Your objective:
Search the records for "intro" and copy each line that holds it.

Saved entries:
definition gegenbauer_raise_coeff :: "real \<Rightarrow> nat \<Rightarrow> real" where
  "gegenbauer_raise_coeff \<nu> n = (2 * \<nu> + real n) / (2 * real n + 2 * \<nu> + 1)"

lemma gegenbauer_poly_raise:
  assumes \<nu>: "\<nu> > -1/2" and y: "y \<in> {-1<..<1}"
  shows "(1 - y\<^sup>2) * poly (pderiv (gegenbauer_poly \<nu> n)) y - (2 * \<nu> + real n) * y * poly (gegenbauer_poly \<nu> n) y
       = gegenbauer_raise_coeff \<nu> n * poly (gegenbauer_poly \<nu> (Suc n)) y"
proof -
  define s where "s = real n + \<nu> - 1/2"
  have "s \<noteq> -1" using \<nu> by (simp add: s_def)
  from rodrigues_poly_shift[OF this y, of n]
  have shift: "(1 - y\<^sup>2) * poly (pderiv (gegenbauer_poly \<nu> n)) y - 2 * (s - real n) * y * poly (gegenbauer_poly \<nu> n) y
      - real (Suc n) * y * poly (gegenbauer_poly \<nu> n) y
      = (1 - real (Suc n) / (2 * (s + 1))) * poly (gegenbauer_poly \<nu> (Suc n)) y"
    by (simp add: gegenbauer_poly_def s_def power2_eq_square algebra_simps)
  have coeff: "1 - real (Suc n) / (2 * (s + 1)) = gegenbauer_raise_coeff \<nu> n"
    using \<nu> by (simp add: gegenbauer_raise_coeff_def s_def field_simps)
  show ?thesis
    using shift unfolding coeff by (simp add: s_def algebra_simps)
qed

section \<open>Relativistic Hermite polynomials in the variable \<open>y\<close>\<close>

definition rel_to_geg :: "real \<Rightarrow> real \<Rightarrow> real" where
  "rel_to_geg N x = (x / sqrt N) / sqrt (1 + x\<^sup>2 / N)"

definition rel_to_geg_deriv :: "real \<Rightarrow> real \<Rightarrow> real" where
  "rel_to_geg_deriv N x = 1 / (sqrt N * (1 + x\<^sup>2 / N) * sqrt (1 + x\<^sup>2 / N))"

lemma one_plus_sq_div_pos: "N > 0 \<Longrightarrow> 0 < 1 + x\<^sup>2 / (N::real)"
  by (simp add: add_pos_nonneg)

lemma rel_to_geg_has_real_derivative:
  assumes N: "N > 0"
  shows "(rel_to_geg N has_real_derivative rel_to_geg_deriv N x) (at x)"
proof -
  define P where "P = 1 + x\<^sup>2 / N"
  have P: "P > 0"
    using one_plus_sq_div_pos[OF N] by (simp add: P_def)
  have deriv: "(rel_to_geg N has_real_derivative
      (sqrt N * sqrt P - x * (inverse (sqrt P) * x * sqrt N) / N) / (sqrt N * sqrt P * (sqrt N * sqrt P))) (at x)"
    unfolding rel_to_geg_def P_def using P N
    by (auto intro!: derivative_eq_intros simp: P_def[symmetric])
  have x_sq: "x * (inverse (sqrt P) * x * sqrt N) / N = sqrt N * (P - 1) / sqrt P"
    using N unfolding P_def by (simp add: field_simps power2_eq_square)
  have "(sqrt N * sqrt P - x * (inverse (sqrt P) * x * sqrt N) / N) / (sqrt N * sqrt P * (sqrt N * sqrt P))
      = rel_to_geg_deriv N x"
    unfolding x_sq rel_to_geg_deriv_def P_def[symmetric] using P N by (simp add: field_simps)
  with deriv show ?thesis by simp
qed

lemma rel_to_geg_deriv_pos: "N > 0 \<Longrightarrow> 0 < rel_to_geg_deriv N x"
  unfolding rel_to_geg_deriv_def using one_plus_sq_div_pos[of N x] by simp

lemma continuous_on_rel_to_geg_deriv: "N > 0 \<Longrightarrow> continuous_on UNIV (rel_to_geg_deriv N)"
  unfolding rel_to_geg_deriv_def using one_plus_sq_div_pos[of N]
  by (intro continuous_intros) (auto simp: less_imp_neq[symmetric])

lemma one_minus_rel_to_geg_sq:
  assumes N: "N > 0"
  shows "1 - (rel_to_geg N x)\<^sup>2 = 1 / (1 + x\<^sup>2 / N)"
proof -
  define P where "P = 1 + x\<^sup>2 / N"
  have "P > 0" using one_plus_sq_div_pos[OF N] by (simp add: P_def)
  moreover have "(rel_to_geg N x)\<^sup>2 = (P - 1) / P"
    unfolding rel_to_geg_def P_def using N by (simp add: power_divide power_mult_distrib)
  ultimately show ?thesis
    unfolding P_def[symmetric] by (simp add: diff_divide_eq_iff)
qed

lemma range_rel_to_geg:
  assumes N: "N > 0"
  shows "range (rel_to_geg N) = {-1<..<1}"
proof (intro equalityI subsetI)
  fix y assume "y \<in> range (rel_to_geg N)"
  then obtain x where "y = rel_to_geg N x" by blast
  then have "1 - y\<^sup>2 > 0"
    using one_minus_rel_to_geg_sq[OF N, of x] one_plus_sq_div_pos[OF N, of x] by simp
  then show "y \<in> {-1<..<1}"
    by (simp add: abs_square_less_1 abs_less_iff)
next
  fix y :: real assume y: "y \<in> {-1<..<1}"
  define r where "r = sqrt (1 - y\<^sup>2)"
  have r: "r > 0" "r\<^sup>2 = 1 - y\<^sup>2" using one_minus_sq_pos[OF y] by (auto simp: r_def)
  have "1 + (sqrt N * y / r)\<^sup>2 / N = 1 / r\<^sup>2"
    using N r by (simp add: power_divide field_simps)
  then have "rel_to_geg N (sqrt N * y / r) = y"
    unfolding rel_to_geg_def using N r by (simp add: real_sqrt_divide r_def)
  then show "y \<in> range (rel_to_geg N)"
    by (metis rangeI)
qed

text \<open>With \<open>P = 1 + x^2/N\<close> and \<open>y = rel_to_geg N x\<close> one has \<open>rel_to_geg_deriv N x = P^(-3/2)/\<surd>N\<close>
  and \<open>x/\<surd>(N P) = y\<close>, so differentiating \<open>P^(-N-k/2) q\<^sub>k(y)\<close> yields \<open>P^(-N-(k+1)/2)/\<surd>N\<close> times
  the left-hand side of \<open>gegenbauer_poly_raise\<close>.\<close>

lemma rel_weight_gegenbauer_has_real_derivative:
  assumes N: "N > 0"
  shows "((\<lambda>x. (1 + x\<^sup>2 / N) powr (- N - real k / 2) * poly (gegenbauer_poly N k) (rel_to_geg N x))
    has_real_derivative gegenbauer_raise_coeff N k / sqrt N
      * (1 + x\<^sup>2 / N) powr (- N - real (Suc k) / 2) * poly (gegenbauer_poly N (Suc k)) (rel_to_geg N x)) (at x)"
proof -
  define P where "P = 1 + x\<^sup>2 / N"
  define r where "r = - N - real k / 2"
  define y where "y = rel_to_geg N x"
  define A where "A = P powr r"
  have P: "P > 0" using one_plus_sq_div_pos[OF N] by (simp add: P_def)
  have "y \<in> {-1<..<1}"
    using range_rel_to_geg[OF N] by (auto simp: y_def)
  with gegenbauer_poly_raise[of N y k] N
  have raise: "gegenbauer_raise_coeff N k * poly (gegenbauer_poly N (Suc k)) y
      = poly (pderiv (gegenbauer_poly N k)) y / P - (2 * N + real k) * y * poly (gegenbauer_poly N k) y"
    using one_minus_rel_to_geg_sq[OF N, of x] by (simp add: y_def P_def)
  have powr: "P powr (r - 1) = A / P" "P powr (r - 1/2) = A / sqrt P"
    using P by (simp_all add: A_def powr_diff powr_half_sqrt)
  have exponent: "- N - real (Suc k) / 2 = r - 1/2"
    by (simp add: r_def field_simps)
  have "((\<lambda>x. (1 + x\<^sup>2 / N) powr r * poly (gegenbauer_poly N k) (rel_to_geg N x)) has_real_derivative
      r * P powr (r - 1) * (2 * x / N) * poly (gegenbauer_poly N k) y
      + P powr r * (rel_to_geg_deriv N x * poly (pderiv (gegenbauer_poly N k)) y)) (at x)"
    unfolding P_def y_def using P[unfolded P_def] N
    by (auto intro!: derivative_eq_intros rel_to_geg_has_real_derivative[OF N])
  moreover have "r * P powr (r - 1) * (2 * x / N) * poly (gegenbauer_poly N k) y
      + P powr r * (rel_to_geg_deriv N x * poly (pderiv (gegenbauer_poly N k)) y)
      = A / (sqrt N * sqrt P)
        * (poly (pderiv (gegenbauer_poly N k)) y / P - (2 * N + real k) * y * poly (gegenbauer_poly N k) y)"
  proof -
    define a b where "a = sqrt N" and "b = sqrt P"
    have ab: "a > 0" "b > 0" "N = a * a" "P = b * b"
      using N P by (simp_all add: a_def b_def)
    have "x = y * a * b"
      using N P by (simp add: y_def rel_to_geg_def P_def a_def b_def)
    moreover have "rel_to_geg_deriv N x = 1 / (a * P * b)"
      by (simp add: rel_to_geg_deriv_def P_def a_def b_def)
    ultimately show ?thesis
      unfolding powr(1) A_def[symmetric] a_def[symmetric] b_def[symmetric]
      unfolding ab(3,4) using ab(1,2) by (simp add: r_def ab(3) field_simps)
  qed
  ultimately show ?thesis
    unfolding raise[symmetric] exponent powr(2) r_def[symmetric] P_def[symmetric] y_def[symmetric] A_def[symmetric]
    by (simp add: field_simps)
qed

primrec rel_hermite_scale :: "real \<Rightarrow> nat \<Rightarrow> real" where
  "rel_hermite_scale N 0 = 1"
| "rel_hermite_scale N (Suc k) = rel_hermite_scale N k * gegenbauer_raise_coeff N k / sqrt N"

lemma higher_derivs_on_rel_weight:
  assumes "N > 0"
  shows "higher_derivs_on (\<lambda>t. (1 + t\<^sup>2 / N) powr (- N)) UNIV
     (\<lambda>k x. rel_hermite_scale N k * (1 + x\<^sup>2 / N) powr (- N - real k / 2)
        * poly (gegenbauer_poly N k) (rel_to_geg N x))"
  unfolding higher_derivs_on_def
proof (intro conjI ballI allI)
  fix k and x :: real
  show "((\<lambda>x. rel_hermite_scale N k * (1 + x\<^sup>2 / N) powr (- N - real k / 2)
        * poly (gegenbauer_poly N k) (rel_to_geg N x)) has_real_derivative
      rel_hermite_scale N (Suc k) * (1 + x\<^sup>2 / N) powr (- N - real (Suc k) / 2)
        * poly (gegenbauer_poly N (Suc k)) (rel_to_geg N x)) (at x)"
    using DERIV_cmult[OF rel_weight_gegenbauer_has_real_derivative[OF assms], of "rel_hermite_scale N k"]
    by (simp add: mult_ac)
qed (simp add: gegenbauer_poly_def)

lemma rel_hermite_eq_gegenbauer_poly:
  assumes N: "N > 0"
  shows "rel_hermite N n x = (-1) ^ n * rel_hermite_scale N n * (1 + x\<^sup>2 / N) powr (real n / 2)
           * poly (gegenbauer_poly N n) (rel_to_geg N x)"
proof -
  have "(1 + x\<^sup>2 / N) powr (N + real n) * (1 + x\<^sup>2 / N) powr (- N - real n / 2)
      = (1 + x\<^sup>2 / N) powr (real n / 2)"
    by (simp flip: powr_add)
  then show ?thesis
    unfolding rel_hermite_def higher_derivs_on_funpow_deriv[OF open_UNIV higher_derivs_on_rel_weight[OF N] UNIV_I]
    by (simp add: ac_simps)
qed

Response area:
    by (auto intro!: derivative_eq_intros simp: P_def[symmetric])
  by (intro continuous_intros) (auto simp: less_imp_neq[symmetric])
proof (intro equalityI subsetI)
    by (auto intro!: derivative_eq_intros rel_to_geg_has_real_derivative[OF N])
proof (intro conjI ballI allI)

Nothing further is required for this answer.